Shuffling algorithms and users’ perceptions of randomness with application to streamed music
Anbang Du (4th year Integrated Masters Dissertation, BSc MMORSE)
Defining randomness for playlists using concepts from card shuffling and applying runs tests to Spotify data
The shuffle play option in music streaming Apps like Spotify is meant to provide a feeling of randomness to users. If the order of a list of songs feels random to a user, are the songs in a truly random order? It is known that subjective perception of randomness does not necessarily correspond to the mathematical concepts of randomness . The first part of this project focusses on the meaning of true randomness in the sense of probability theory. We embed this in a discussion of card shuffling theory including top-in-at-random shuffle and riffle shuffle .
The second part of this project incorporates the idea of randomness in the analysis of the Million Playlist Dataset introduced in the RecSys Challenge 2018 . The collective distributions of music features of the first several songs in all playlists does not exhibit any particular pattern, which raises the question whether they may occur at random. This motivates the usage of the runs test to investigate dependencies between items in individual playlists. The theories and applications of runs distribution in the binary case and the k-category extension of runs test are discussed in this section.

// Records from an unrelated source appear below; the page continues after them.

(* Let $Q$ be a quantum circuit acting on $w$ qubits and let $N\ge 64$ be a power of two; set $l=\log_2 N+1$. Let $R_1^{(N)}$ be the circuit with registers: an $l$-qubit counter register $\mathsf{C}$ whose first qubit $\mathsf{C}^{(1)}$ is the first qubit of the whole circuit and holds the most significant bit, a single-qubit register $\mathsf{Q}$, and for each $j\in\{1,\dots,2N\}$ a $(w-1)$-qubit register $\mathsf{R}_j$ and a single-qubit register $\mathsf{X}_j$; it performs, for $j=1,\dots,2N$ in turn: apply $Q$ to $(\mathsf{Q},\mathsf{R}_j)$ (with $\mathsf{Q}$ as $Q$'s first qubit), apply CNOT with control $\mathsf{Q}$ and target $\mathsf{X}_j$, and apply the controlled-$U_{+1}^{(2N)}$ with control $\mathsf{Q}$ and target $\mathsf{C}$, where $U^{(2N)}_{+1}|j\rangle=|(j+1)\bmod 2N\rangle$; its output qubit is $\mathsf{C}^{(1)}$. Suppose $\frac12-\varepsilon\le p_{\mathrm{acc}}(Q,1)\le\frac12+\varepsilon$ for some $\varepsilon\in[0,\frac18]$ with $3N^{-1/3}+4\varepsilon\le 1$. Then \[p_{\mathrm{acc}}(R_1^{(N)},1)<3N^{-1/3}+4\varepsilon.\]
   Context: For a circuit $Q$ on $w$ qubits and $1\le k\le w$, $p_{\mathrm{acc}}(Q,k)=\mathrm{tr}\,\Pi_{\mathrm{acc}}Q\rho^{(w,k)}_{\mathrm{init}}Q^\dagger$, where $\rho^{(w,k)}_{\mathrm{init}}=(|0\rangle\langle0|)^{\otimes k}\otimes(I/2)^{\otimes(w-k)}$ and $\Pi_{\mathrm{acc}}=|0\rangle\langle0|\otimes I^{\otimes(w-1)}$; i.e., the first $k$ qubits start in $|0\rangle$, the remaining qubits are maximally mixed, and acceptance means the first qubit is measured as $0$ in the computational basis. For $R_1^{(N)}$, only $\mathsf{C}^{(1)}$ is clean; all other qubits start maximally mixed. The counter register $\mathsf{C}$ encodes an integer in $\{0,\dots,2N-1\}$ in binary. *)

theory Defs
  imports Complex_Main "Jordan_Normal_Form.Matrix" "Jordan_Normal_Form.Conjugate"
begin

definition adj :: "complex mat \<Rightarrow> complex mat" where
  "adj A = mat (dim_col A) (dim_row A) (\<lambda>(i,j). cnj (A $$ (j,i)))"

definition mtrace :: "complex mat \<Rightarrow> complex" where
  "mtrace A = (\<Sum>i<dim_row A. A $$ (i,i))"

definition unitary_mat :: "complex mat \<Rightarrow> bool" where
  "unitary_mat U \<longleftrightarrow> U * adj U = 1\<^sub>m (dim_row U) \<and> adj U * U = 1\<^sub>m (dim_col U)"

text \<open>Computational basis of n qubits: basis index i < 2^n; the qubit at position p
  (p = 0 is the first qubit) is the bit of weight 2^(n-1-p), i.e. the first qubit is the
  most significant bit.\<close>
definition qbit :: "nat \<Rightarrow> nat \<Rightarrow> nat \<Rightarrow> nat" where
  "qbit n p i = (i div 2 ^ (n - 1 - p)) mod 2"

definition sub_index :: "nat \<Rightarrow> nat list \<Rightarrow> nat \<Rightarrow> nat" where
  "sub_index n ps i = (\<Sum>t<length ps. qbit n (ps ! t) i * 2 ^ (length ps - 1 - t))"

definition embed :: "nat \<Rightarrow> nat list \<Rightarrow> complex mat \<Rightarrow> complex mat" where
  "embed n ps G = mat (2 ^ n) (2 ^ n) (\<lambda>(i,j).
     if (\<forall>p<n. p \<notin> set ps \<longrightarrow> qbit n p i = qbit n p j)
     then G $$ (sub_index n ps i, sub_index n ps j) else 0)"

definition perm_mat :: "nat \<Rightarrow> (nat \<Rightarrow> nat) \<Rightarrow> complex mat" where
  "perm_mat d f = mat d d (\<lambda>(a,b). if a = f b then 1 else 0)"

In the final part of this project we address the multiple testing problem caused by simultaneous application of the runs test to nearly 1000 playlists. Correction methods include the Bonferroni and the False Discovery Rate (FDR). We prove that how the Benjamini-Hochberg procedure controls the FDR.
 Bar-Hillel and Wagenaar, The perception of randomness, Advances in applied mathematics 12.4 (1991),  Aldous and Diaconis, Shuffling cards and stopping times, in The Amer. Mathem. Monthly 93.5 (1986),  Chen et al, Recsys Challenge 2018: automatic music playlist continuation, Proc. of the 12th ACM Conf. on Recommender Systems, Vancouver, BC, Canada: Assoc. for Computing Machinery, 2018, https://doi.org/10.1145/3240323.3240342.
Supervised machine learning of game-styles in tennis
Nicolai Williams (4th year Integrated Masters Dissertation, BSc MMORSE)
Comparing several clustering techniques for characterising and classifying game-style in tennis
Game-styles in tennis are characteristics that are evident to both players and tennis professionals. Players have different strengths and utilise them in customised strategies. Coaches attempts to classify players have resulted in lists of player game-styles, but so far this was based on expert judgement, rather than statistical methods.
This project made use of LTA point-by-point match data to characterise players using summary metrics, which were evaluated using discrimination and stability meta-metrics originally designed for NBA player data  ensuring sufficient discriminatory power. The refined summary metrics were firstly implemented and validated as part of a supervised machine learning approach based on K-means (shown in figure), K-medoids and Hierarchical Clustering algorithms to see what natural groupings would form and how many clusters would best split the data. Secondly, they served to train a classifier to see if it is possible to accurately classify the game-style of a new tennis player not used to train the classifier.
We showed that game-styles defined by the LTA are somewhat validated by our statistical analysis. Patterns in the clustering analysis and the numbers of clusters identified show a clear resemblance to the LTA game-styles. In particular, the All Court Player characterises a cluster by all 3 of the clustering algorithms indicating that this game-style is not only extremely appropriate, but also well allocated.
 Franks, Alexander et al, Meta-Analytics: Tools for Understanding the Statistical Properties of Sports Metrics, 2016.